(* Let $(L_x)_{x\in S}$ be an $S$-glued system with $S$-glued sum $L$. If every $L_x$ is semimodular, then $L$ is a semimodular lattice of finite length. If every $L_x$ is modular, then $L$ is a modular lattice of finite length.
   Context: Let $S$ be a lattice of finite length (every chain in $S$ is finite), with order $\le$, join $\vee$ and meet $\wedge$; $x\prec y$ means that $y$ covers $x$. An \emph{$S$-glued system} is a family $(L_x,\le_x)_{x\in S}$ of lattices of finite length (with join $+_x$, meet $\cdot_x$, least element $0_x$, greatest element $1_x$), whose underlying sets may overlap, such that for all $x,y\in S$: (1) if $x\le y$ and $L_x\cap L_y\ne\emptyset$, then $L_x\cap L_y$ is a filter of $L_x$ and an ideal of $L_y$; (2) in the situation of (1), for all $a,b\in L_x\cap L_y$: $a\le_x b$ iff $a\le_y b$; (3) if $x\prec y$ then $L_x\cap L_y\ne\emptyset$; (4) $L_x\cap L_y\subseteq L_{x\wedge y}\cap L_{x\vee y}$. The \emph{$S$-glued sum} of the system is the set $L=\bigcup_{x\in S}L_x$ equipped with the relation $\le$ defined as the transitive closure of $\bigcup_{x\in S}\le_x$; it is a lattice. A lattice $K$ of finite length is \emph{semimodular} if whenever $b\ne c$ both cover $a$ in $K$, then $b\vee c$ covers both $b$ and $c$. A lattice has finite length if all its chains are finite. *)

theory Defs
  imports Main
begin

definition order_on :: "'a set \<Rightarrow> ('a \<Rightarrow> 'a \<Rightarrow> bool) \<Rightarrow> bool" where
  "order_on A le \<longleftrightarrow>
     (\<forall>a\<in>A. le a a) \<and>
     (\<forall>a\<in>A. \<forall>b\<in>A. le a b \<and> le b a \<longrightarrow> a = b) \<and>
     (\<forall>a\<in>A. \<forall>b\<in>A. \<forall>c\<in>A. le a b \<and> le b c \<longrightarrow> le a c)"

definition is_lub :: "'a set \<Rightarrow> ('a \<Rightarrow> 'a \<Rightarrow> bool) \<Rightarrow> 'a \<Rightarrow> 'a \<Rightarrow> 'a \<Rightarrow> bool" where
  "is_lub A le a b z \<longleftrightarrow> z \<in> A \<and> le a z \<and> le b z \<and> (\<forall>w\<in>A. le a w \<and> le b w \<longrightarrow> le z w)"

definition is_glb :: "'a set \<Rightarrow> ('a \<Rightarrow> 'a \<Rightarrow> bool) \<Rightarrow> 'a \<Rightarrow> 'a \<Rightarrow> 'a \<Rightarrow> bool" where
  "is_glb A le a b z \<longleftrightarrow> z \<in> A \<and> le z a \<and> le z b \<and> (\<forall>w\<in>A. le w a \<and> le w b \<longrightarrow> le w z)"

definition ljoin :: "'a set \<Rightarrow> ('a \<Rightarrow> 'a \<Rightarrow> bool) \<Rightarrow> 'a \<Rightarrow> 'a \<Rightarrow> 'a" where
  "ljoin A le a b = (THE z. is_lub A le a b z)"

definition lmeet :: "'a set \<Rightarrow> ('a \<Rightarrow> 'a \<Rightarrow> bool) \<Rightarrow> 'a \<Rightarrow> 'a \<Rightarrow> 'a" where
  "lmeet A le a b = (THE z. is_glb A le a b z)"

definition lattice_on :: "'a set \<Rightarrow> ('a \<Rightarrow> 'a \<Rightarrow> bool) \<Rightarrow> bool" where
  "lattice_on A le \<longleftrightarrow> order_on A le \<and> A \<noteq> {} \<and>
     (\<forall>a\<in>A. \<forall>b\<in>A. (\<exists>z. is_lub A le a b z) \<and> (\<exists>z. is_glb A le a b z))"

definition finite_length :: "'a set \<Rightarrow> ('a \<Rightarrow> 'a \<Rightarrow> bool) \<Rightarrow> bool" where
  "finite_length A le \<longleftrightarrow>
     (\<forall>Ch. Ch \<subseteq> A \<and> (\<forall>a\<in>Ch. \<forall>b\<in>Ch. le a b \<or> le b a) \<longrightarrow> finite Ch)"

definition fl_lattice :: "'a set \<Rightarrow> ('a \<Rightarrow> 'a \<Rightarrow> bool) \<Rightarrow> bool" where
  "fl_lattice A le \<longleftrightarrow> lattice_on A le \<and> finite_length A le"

########

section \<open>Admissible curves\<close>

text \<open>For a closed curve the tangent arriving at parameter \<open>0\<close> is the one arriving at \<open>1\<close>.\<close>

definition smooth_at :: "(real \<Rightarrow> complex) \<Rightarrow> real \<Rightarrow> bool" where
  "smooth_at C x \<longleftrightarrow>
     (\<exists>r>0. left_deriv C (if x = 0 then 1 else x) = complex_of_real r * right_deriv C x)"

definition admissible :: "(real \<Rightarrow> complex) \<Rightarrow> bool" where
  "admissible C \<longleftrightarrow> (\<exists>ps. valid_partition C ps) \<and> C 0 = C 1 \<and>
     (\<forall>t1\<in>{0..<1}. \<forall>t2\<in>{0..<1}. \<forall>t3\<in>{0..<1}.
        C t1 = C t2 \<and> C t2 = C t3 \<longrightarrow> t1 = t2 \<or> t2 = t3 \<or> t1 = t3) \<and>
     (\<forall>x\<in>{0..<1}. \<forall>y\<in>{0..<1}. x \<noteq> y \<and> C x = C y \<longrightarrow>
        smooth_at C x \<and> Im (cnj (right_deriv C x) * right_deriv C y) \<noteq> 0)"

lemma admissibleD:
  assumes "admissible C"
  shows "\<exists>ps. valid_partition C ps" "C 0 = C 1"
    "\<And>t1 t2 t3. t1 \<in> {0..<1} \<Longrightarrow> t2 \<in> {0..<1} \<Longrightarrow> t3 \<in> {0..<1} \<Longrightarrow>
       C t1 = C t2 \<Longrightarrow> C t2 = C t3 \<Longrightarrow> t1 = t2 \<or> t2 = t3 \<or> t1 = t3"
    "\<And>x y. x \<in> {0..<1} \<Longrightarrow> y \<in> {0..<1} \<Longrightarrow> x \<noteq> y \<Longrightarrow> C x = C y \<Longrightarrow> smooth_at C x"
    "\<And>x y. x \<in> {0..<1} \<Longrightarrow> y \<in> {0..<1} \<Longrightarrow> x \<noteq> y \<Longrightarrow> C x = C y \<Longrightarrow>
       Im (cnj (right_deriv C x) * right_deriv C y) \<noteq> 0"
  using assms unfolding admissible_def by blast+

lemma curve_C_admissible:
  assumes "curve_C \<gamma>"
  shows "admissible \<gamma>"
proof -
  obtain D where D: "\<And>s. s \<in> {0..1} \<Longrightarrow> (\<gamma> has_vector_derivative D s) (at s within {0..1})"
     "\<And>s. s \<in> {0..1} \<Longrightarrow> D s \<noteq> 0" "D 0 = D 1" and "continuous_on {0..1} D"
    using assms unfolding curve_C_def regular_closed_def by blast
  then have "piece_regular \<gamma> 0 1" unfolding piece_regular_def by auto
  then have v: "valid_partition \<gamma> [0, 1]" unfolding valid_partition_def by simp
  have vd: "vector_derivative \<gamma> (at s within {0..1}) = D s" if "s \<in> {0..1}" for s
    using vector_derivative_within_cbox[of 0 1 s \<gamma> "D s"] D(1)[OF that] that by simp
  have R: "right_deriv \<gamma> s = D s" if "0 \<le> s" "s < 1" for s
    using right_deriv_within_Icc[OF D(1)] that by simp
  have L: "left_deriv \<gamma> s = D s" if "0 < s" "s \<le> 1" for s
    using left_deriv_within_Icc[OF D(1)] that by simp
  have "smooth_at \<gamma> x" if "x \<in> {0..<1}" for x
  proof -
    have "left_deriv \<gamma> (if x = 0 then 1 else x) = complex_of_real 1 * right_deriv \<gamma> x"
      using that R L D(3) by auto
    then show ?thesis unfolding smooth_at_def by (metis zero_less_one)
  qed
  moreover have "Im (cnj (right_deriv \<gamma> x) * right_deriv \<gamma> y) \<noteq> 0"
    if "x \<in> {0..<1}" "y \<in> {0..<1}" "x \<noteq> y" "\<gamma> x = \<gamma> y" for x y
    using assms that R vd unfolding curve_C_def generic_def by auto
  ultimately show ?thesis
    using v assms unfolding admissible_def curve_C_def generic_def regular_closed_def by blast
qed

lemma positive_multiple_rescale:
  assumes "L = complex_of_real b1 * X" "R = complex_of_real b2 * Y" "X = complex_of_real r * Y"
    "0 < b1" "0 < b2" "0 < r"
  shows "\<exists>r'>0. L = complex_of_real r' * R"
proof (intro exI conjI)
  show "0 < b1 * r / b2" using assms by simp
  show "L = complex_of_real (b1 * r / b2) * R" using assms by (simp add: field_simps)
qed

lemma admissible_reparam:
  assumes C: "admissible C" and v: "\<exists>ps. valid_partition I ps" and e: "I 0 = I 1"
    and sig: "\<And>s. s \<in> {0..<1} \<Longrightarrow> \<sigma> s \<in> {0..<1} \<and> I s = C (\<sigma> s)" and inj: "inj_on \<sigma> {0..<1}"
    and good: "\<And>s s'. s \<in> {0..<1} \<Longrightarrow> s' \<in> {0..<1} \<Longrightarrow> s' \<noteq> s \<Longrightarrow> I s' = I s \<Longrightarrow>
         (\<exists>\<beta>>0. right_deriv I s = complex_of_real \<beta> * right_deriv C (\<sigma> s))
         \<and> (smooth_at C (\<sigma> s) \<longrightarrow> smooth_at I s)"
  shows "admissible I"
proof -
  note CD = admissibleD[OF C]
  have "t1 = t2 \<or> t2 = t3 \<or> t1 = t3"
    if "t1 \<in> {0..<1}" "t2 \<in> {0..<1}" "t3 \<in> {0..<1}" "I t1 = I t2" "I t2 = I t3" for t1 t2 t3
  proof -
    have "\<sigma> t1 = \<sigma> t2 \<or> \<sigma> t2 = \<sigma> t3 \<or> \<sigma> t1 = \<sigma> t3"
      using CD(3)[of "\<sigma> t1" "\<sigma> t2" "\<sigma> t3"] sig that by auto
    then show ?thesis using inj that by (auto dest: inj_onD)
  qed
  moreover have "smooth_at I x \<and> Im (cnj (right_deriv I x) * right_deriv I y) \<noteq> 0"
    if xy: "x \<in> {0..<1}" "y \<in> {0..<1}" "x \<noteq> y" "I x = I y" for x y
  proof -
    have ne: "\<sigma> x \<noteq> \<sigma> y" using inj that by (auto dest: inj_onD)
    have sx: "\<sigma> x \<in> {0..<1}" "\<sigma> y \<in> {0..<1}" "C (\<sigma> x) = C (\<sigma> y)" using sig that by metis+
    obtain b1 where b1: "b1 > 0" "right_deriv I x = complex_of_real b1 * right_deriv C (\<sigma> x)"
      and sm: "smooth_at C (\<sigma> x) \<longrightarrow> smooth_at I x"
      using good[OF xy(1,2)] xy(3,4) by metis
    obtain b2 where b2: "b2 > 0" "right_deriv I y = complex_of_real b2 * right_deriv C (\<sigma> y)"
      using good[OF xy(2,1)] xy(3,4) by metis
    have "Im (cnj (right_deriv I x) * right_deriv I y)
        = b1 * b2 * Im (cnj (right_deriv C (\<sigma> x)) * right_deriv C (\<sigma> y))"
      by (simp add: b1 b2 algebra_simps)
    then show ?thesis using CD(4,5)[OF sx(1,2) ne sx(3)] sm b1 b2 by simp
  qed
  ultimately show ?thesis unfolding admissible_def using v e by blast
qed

########

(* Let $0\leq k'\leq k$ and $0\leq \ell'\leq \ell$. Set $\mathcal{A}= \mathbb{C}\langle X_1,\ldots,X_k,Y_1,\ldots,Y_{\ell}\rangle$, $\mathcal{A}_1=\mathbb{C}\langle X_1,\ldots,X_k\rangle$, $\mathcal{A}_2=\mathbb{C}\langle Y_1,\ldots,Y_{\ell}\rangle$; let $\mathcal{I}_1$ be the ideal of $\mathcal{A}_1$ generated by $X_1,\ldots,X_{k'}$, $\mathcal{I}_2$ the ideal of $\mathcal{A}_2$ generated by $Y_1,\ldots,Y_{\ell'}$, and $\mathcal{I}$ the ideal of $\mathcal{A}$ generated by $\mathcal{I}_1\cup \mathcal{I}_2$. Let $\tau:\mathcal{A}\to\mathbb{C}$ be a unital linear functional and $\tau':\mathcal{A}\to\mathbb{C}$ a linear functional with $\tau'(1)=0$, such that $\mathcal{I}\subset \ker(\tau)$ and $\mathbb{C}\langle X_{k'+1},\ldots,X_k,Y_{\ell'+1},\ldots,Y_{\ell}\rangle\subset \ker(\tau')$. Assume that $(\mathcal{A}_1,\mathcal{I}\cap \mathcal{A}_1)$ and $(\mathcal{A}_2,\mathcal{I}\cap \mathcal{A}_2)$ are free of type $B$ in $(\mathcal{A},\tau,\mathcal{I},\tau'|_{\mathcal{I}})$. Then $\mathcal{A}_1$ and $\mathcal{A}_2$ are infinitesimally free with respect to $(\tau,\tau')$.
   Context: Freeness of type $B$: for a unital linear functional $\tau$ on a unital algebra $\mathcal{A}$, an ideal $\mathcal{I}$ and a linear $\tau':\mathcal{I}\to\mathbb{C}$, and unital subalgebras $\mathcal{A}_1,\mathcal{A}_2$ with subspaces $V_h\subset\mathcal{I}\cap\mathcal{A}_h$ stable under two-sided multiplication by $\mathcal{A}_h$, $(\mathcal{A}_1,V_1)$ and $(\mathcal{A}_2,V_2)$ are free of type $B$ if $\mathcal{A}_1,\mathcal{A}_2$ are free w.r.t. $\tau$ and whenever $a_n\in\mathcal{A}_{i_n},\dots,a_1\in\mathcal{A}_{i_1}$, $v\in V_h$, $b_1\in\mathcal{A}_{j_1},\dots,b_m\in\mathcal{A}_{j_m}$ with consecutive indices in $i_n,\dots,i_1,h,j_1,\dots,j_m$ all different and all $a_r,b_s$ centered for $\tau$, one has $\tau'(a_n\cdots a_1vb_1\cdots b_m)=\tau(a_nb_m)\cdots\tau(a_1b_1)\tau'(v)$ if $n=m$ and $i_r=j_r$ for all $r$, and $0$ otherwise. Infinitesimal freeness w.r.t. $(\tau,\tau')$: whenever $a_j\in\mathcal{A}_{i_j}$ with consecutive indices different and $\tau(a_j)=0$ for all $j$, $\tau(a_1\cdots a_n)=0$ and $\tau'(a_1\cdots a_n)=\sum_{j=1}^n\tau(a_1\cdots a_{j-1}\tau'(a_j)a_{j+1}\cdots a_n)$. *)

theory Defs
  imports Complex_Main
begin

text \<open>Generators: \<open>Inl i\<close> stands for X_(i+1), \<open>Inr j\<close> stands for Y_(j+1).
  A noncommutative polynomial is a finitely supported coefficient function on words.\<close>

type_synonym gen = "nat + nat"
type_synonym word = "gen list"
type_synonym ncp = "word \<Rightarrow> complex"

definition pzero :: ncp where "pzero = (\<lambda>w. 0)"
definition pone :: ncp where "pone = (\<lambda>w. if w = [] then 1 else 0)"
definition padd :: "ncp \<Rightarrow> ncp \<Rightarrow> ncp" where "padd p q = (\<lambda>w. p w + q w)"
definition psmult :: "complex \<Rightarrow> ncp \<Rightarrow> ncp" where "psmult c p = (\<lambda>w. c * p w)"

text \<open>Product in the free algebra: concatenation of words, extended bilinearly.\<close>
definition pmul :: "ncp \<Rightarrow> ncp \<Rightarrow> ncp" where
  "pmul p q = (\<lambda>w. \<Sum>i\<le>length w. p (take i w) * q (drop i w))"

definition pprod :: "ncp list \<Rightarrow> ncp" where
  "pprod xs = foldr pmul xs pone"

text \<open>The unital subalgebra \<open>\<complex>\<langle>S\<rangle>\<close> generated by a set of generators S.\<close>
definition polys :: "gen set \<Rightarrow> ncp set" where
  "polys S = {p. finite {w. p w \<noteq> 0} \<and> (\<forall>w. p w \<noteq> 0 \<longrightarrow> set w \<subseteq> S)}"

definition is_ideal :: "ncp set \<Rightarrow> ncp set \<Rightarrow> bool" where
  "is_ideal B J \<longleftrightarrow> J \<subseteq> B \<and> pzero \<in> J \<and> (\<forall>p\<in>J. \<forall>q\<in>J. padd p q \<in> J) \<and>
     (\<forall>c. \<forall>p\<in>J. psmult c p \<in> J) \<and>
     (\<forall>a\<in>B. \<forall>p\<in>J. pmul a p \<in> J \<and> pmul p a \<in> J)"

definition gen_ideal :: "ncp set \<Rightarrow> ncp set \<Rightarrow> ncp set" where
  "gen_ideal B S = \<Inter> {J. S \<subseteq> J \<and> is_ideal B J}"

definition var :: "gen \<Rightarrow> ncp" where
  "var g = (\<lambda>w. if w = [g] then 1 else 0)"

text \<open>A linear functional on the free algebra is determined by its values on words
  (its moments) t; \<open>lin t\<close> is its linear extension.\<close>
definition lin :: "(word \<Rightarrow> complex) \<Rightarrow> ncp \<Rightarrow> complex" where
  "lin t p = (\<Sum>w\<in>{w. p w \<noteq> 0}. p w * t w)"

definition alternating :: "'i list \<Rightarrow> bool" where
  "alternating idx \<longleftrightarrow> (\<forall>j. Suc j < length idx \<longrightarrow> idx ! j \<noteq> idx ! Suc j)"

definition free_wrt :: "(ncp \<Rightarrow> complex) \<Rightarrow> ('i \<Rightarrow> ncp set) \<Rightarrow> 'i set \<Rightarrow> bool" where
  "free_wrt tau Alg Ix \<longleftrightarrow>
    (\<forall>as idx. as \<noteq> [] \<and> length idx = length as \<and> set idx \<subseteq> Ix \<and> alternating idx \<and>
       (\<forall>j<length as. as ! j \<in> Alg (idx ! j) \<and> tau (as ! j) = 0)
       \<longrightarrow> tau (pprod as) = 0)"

########

- WHAT YOU ARE ASKED TO DO -
Copy the records above exactly, beginning at the line that contains "then show ?thesis unfolding" and stopping after the line that contains "x = \<gamma>".

- SOLVED PROBLEM -
    then show ?thesis unfolding smooth_at_def by (metis zero_less_one)
  qed
  moreover have "Im (cnj (right_deriv \<gamma> x) * right_deriv \<gamma> y) \<noteq> 0"
    if "x \<in> {0..<1}" "y \<in> {0..<1}" "x \<noteq> y" "\<gamma> x = \<gamma> y" for x y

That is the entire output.